How Storm ID used AI to breathe new life into COPD care

16 February 2021

What do you think of when you hear the term artificial intelligence? Maybe your mind goes straight to science fiction; to Hollywood blockbusters that centre around a battle between human and machine? Or perhaps AI means convenience to you? Do you think of virtual assistants like Siri, that help guide us through our day; or personalised Netflix recommendations, that help us choose which series to binge-watch next?

At Storm ID it means a little bit more than that. Here, AI is the cornerstone of some of the most important work we’ve ever done. AI has allowed us to create preventative healthcare services that can pre-empt flare-ups in patients with chronic conditions – before they result in emergency hospitalisations.

An AI Case Study

Over the last 18 months we successfully trialled our Lenus COPD Management Service in NHS Greater Glasgow and Clyde. As part of the trial, 100 COPD (Chronic Obstructive Pulmonary Disease) patients were offered the opportunity to try our innovative service that uses the daily patient reported outcomes as well as input from wearable-device data – i.e., their heart rate, activity, sleep activity – to gauge their likelihood of COPD exacerbation. As a result, we saw an average drop of 1 hospital visit per patient that year and the quality of patients’ life increase exponentially.

Owing to its remarkable success, a further 2,000 COPD patients have been offered these same tools and technologies to help manage their condition too – with a view to national rollout.

How Does it Work?

Patients answer Patient Reported Outcome (PROs) questions daily, weekly, and monthly through our Lenus Health app. A subset of patients are also issued with ResMed home NIV masks for respiratory data and FitBit activity trackers that continuously monitor the heart rate, sleep, and physical activity of the patient. This data provides the basis of our work.

We then enrich our dataset with historical EHR (Electronic Health Record) data and by using Feature Engineering: this prepares it for the machine learning algorithm and helps improve its performance later. We do this by taking descriptive statistics from the raw data and combining it with more advanced feature creation. The advanced features are developed using insights discovered during the data exploration phase, together with input from experienced clinicians. The clinician-driven features are further used to gain insight into how the model makes a decision and to give it explainability.

For example: Where we noticed that activity reduced in the days prior to a flare-up in the patient’s condition, a clinician could explain this and we could feed this into the framework as a feature.

Machine learning algorithms are then used to build models capable of answering the most import clinical questions.
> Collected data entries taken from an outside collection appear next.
lemma inner_a_sum_left:
  assumes "finite I" "\<And>i. i \<in> I \<Longrightarrow> u i \<in> Ma a" "w \<in> Ma a"
  shows "inner_a a (\<lambda>k. \<Sum>i\<in>I. c i * u i k) w = (\<Sum>i\<in>I. c i * inner_a a (u i) w)"
proof -
  have "inner_a a (\<lambda>k. \<Sum>i\<in>I. c i * u i k) w = (\<Sum>n. \<Sum>i\<in>I. c i * ((a n)^2 * u i n * w n))"
    unfolding inner_a_def by (simp add: sum_distrib_left sum_distrib_right algebra_simps)
  also have "\<dots> = (\<Sum>i\<in>I. \<Sum>n. c i * ((a n)^2 * u i n * w n))"
    using assms by (intro suminf_sum summable_mult summable_inner_a) auto
  also have "\<dots> = (\<Sum>i\<in>I. c i * inner_a a (u i) w)"
    unfolding inner_a_def using assms by (intro sum.cong refl suminf_mult summable_inner_a) auto
  finally show ?thesis .
qed

lemma inner_a_sum_sum:
  assumes "finite I" "\<And>i. i \<in> I \<Longrightarrow> u i \<in> Ma a"
  shows "inner_a a (\<lambda>k. \<Sum>i\<in>I. c i * u i k) (\<lambda>k. \<Sum>i\<in>I. c i * u i k)
       = (\<Sum>i\<in>I. c i * (\<Sum>j\<in>I. c j * inner_a a (u i) (u j)))"
proof -
  let ?v = "\<lambda>k. \<Sum>i\<in>I. c i * u i k"
  have "inner_a a ?v ?v = (\<Sum>i\<in>I. c i * inner_a a (u i) ?v)"
    using assms by (intro inner_a_sum_left Ma_sum)
  also have "\<dots> = (\<Sum>i\<in>I. c i * (\<Sum>j\<in>I. c j * inner_a a (u i) (u j)))"
  proof (intro sum.cong refl arg_cong[where f="(*) (c _)"])
    fix i assume "i \<in> I"
    then show "inner_a a (u i) ?v = (\<Sum>j\<in>I. c j * inner_a a (u i) (u j))"
      using assms by (simp add: inner_a_commute[of a "u i"] inner_a_sum_left)
  qed
  finally show ?thesis .
qed

lemma inner_a_polarization:
  assumes "u \<in> Ma a" "v \<in> Ma a"
  shows "inner_a a u v = ((norm_a a u)^2 + (norm_a a v)^2 - (d_a a u v)^2) / 2"
proof -
  have inner_sums: "(\<lambda>i. (a i)^2 * x i * y i) sums inner_a a x y" if "x \<in> Ma a" "y \<in> Ma a" for x y
    unfolding inner_a_def using summable_inner_a[OF that] by (rule summable_sums)
  have "(\<lambda>i. (a i)^2 * u i * u i + (a i)^2 * v i * v i - 2 * ((a i)^2 * u i * v i))
          sums (inner_a a u u + inner_a a v v - 2 * inner_a a u v)"
    using assms by (intro sums_diff sums_add sums_mult inner_sums)
  moreover have "(\<lambda>i. (a i)^2 * u i * u i + (a i)^2 * v i * v i - 2 * ((a i)^2 * u i * v i))
               = (\<lambda>i. (a i)^2 * (u i - v i) * (u i - v i))"
    by (rule ext) (simp add: algebra_simps)
  ultimately have "(\<lambda>i. (a i)^2 * (u i - v i) * (u i - v i))
                     sums (inner_a a u u + inner_a a v v - 2 * inner_a a u v)"
    by simp
  then have "(d_a a u v)^2 = inner_a a u u + inner_a a v v - 2 * inner_a a u v"
    unfolding d_a_def norm_a_power2[OF Ma_diff[OF assms]] inner_a_def by (rule sums_unique[symmetric])
  then show ?thesis
    using assms by (simp add: norm_a_power2)
qed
Every step of the model training and validation process is carried out rigorously to eliminate any possible biases and to ensure no data leakage occurs. The result is a robust suite of models which provide clinicians with in-time decision support to prioritise patients that are most at risk.

Machine Learning Schematic

Figure 1 – Schematic illustrating the machine learning process from raw data through to a model ready for production.


The work is made possible through our Lenus Health Platform. Its purpose is to use patient data to create and inform new models of healthcare that are preventative, proactive and participatory. Thousands of patients and clinicians use the platform daily and as a consequence generate swathes of clinical data – all of which can be used in combination with machine learning to improve outcomes and patient care.

What does this mean for the future?

As a result of our work, we have refined ideas and developed techniques that are not confined solely to the COPD condition.

The transferable nature of our AI advances means that there is a profound and exciting opportunity to adapt these same techniques to a broader spectrum of illnesses.

There are many existing conditions that take into account the same or similar health metrics that we used as part of the COPD Management Service.

How that health data can be harnessed and repurposed in different ways could potentially affect the lives of millions of patients around the world who live with what today is considered a debilitating illness, but tomorrow, could be entirely manageable.

If you would like to learn more about Lenus or are interested in learning how AI could help, reach out to the Storm ID team and we would be happy to have a discussion!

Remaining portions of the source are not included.